Table 3. Significant taxa associated with BMI via Kruskal-Wallis test.

FDR multiple comparison correction used. Only taxa with at least 0.5% relative abundance in at least one of the BMI categories were included.

Study Taxa Obese mean Normal Mean p-value
Zupancic Faecalibacterium prausnitzii 0.031914894 0.0447 0.023
Turnbaugh Megasphaera [sp] 0.006372549 3.13 × 10-5 0.004
Yatsunenko Clostridiaceae 0.00214 0.005011236 0.022

Application of supervised learning (a form of machine learning where each sample is placed into a category that is used to create a training data set) with the random forest algorithm [31], i.e. decision trees based upon features, such as abundance of particular taxa, were used to build a model for placement of samples into categories for each study (across multiple levels of taxa, from phylum to the OTU level) for the normal and obese BMI categories. These had limited predictive power over random guessing (data not shown) using the QIIME supervised_learning.py script with default settings. Previous work [9] showed that one was able to classify the samples from the Turnbaugh dataset [8] into lean or obese subjects with the highest accuracies when clustering was done at lower thresholds than the standard 97% OTU threshold (the optimal threshold was ∼82%). To replicate this approach, we clustered the demultiplexed sequence data using the pick_otus.py script utilizing UCLUST [4] v1.2.22q as the algorithm, and specified an identity of clustering of 0.600 to 0.995 in 0.05 % increments, which is a finer gradation but includes the original percent identities utilized by Knights [9]. These analyses revealed that the current implementation of supervised learning in QIIME has an important limitation for datasets which have categories whose composition are highly similar, such as lean and obese humans: the classifier is quite sensitive to disparities in the sample sizes, as shown below. The Turnbaugh data were evenly sampled at 1000 sequences per sample, and processed with QIIME's supervised_learning.py (which uses random forests as its method) using 10× cross-fold validation for error estimation.
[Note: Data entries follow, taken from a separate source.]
(* Let $\alpha,\beta>0$, let $n$ be a positive integer, $0<k\le n-1$ an integer, and $g\in H(\mathbb{D})$. Let $I_g^{n,k}f=I^n(f^{(k)}g)$. Then (i) $I_g^{n,k}:\mathcal{B}^{\alpha}\to\mathcal{B}^{\beta}$ is bounded if and only if $\sup_{z\in\mathbb{D}}(1-|z|^2)^{n-k+\beta-\alpha}|g(z)|<\infty$; (ii) $I_g^{n,k}:\mathcal{B}^{\alpha}\to\mathcal{B}^{\beta}$ is compact if and only if $\lim_{|z|\to1^-}(1-|z|^2)^{n-k+\beta-\alpha}|g(z)|=0$.
   Context: $\mathbb{D}$ is the open unit disc in $\mathbb{C}$ and $H(\mathbb{D})$ the space of analytic functions on $\mathbb{D}$. For $\alpha>0$, $\mathcal{B}^{\alpha}$ is the Banach space of $f\in H(\mathbb{D})$ with $\|f\|_{\mathcal{B}^{\alpha}}=|f(0)|+\sup_{z\in\mathbb{D}}(1-|z|^2)^{\alpha}|f'(z)|<\infty$. $I$ is the integration operator $If(z)=\int_0^z f(\zeta)\,d\zeta$ and $I^n$ its $n$th iterate. An operator is bounded (compact) from $\mathcal{B}^\alpha$ to $\mathcal{B}^\beta$ if it maps $\mathcal{B}^\alpha$ into $\mathcal{B}^\beta$ and is bounded (compact) as a linear operator between these Banach spaces. *)

theory Defs
  imports "HOL-Complex_Analysis.Complex_Analysis"
begin

definition unit_disc :: "complex set" where
  "unit_disc = ball 0 1"

text \<open>The Bloch-type space B^alpha (as a set of functions; only values on the disc matter).\<close>
definition bloch_space :: "real \<Rightarrow> (complex \<Rightarrow> complex) set" where
  "bloch_space \<alpha> = {f. f holomorphic_on unit_disc \<and>
     (\<exists>C. \<forall>z\<in>unit_disc. (1 - (cmod z)^2) powr \<alpha> * cmod (deriv f z) \<le> C)}"

definition bloch_norm :: "real \<Rightarrow> (complex \<Rightarrow> complex) \<Rightarrow> real" where
  "bloch_norm \<alpha> f = cmod (f 0) +
     (SUP z\<in>unit_disc. (1 - (cmod z)^2) powr \<alpha> * cmod (deriv f z))"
Predicted error ratios are shown below in Figure 7, which show far better results for an even subset of the data matching the samples utilized originally by Knights (61 lean samples and 61 obese samples, identified in Appendix A), and marginally better results for a random subset (30 lean versus 30 obese samples randomly chosen 10× for each percent identity, with the average error ratio plotted) versus the entirety of the data (61 lean samples versus 196 obese samples).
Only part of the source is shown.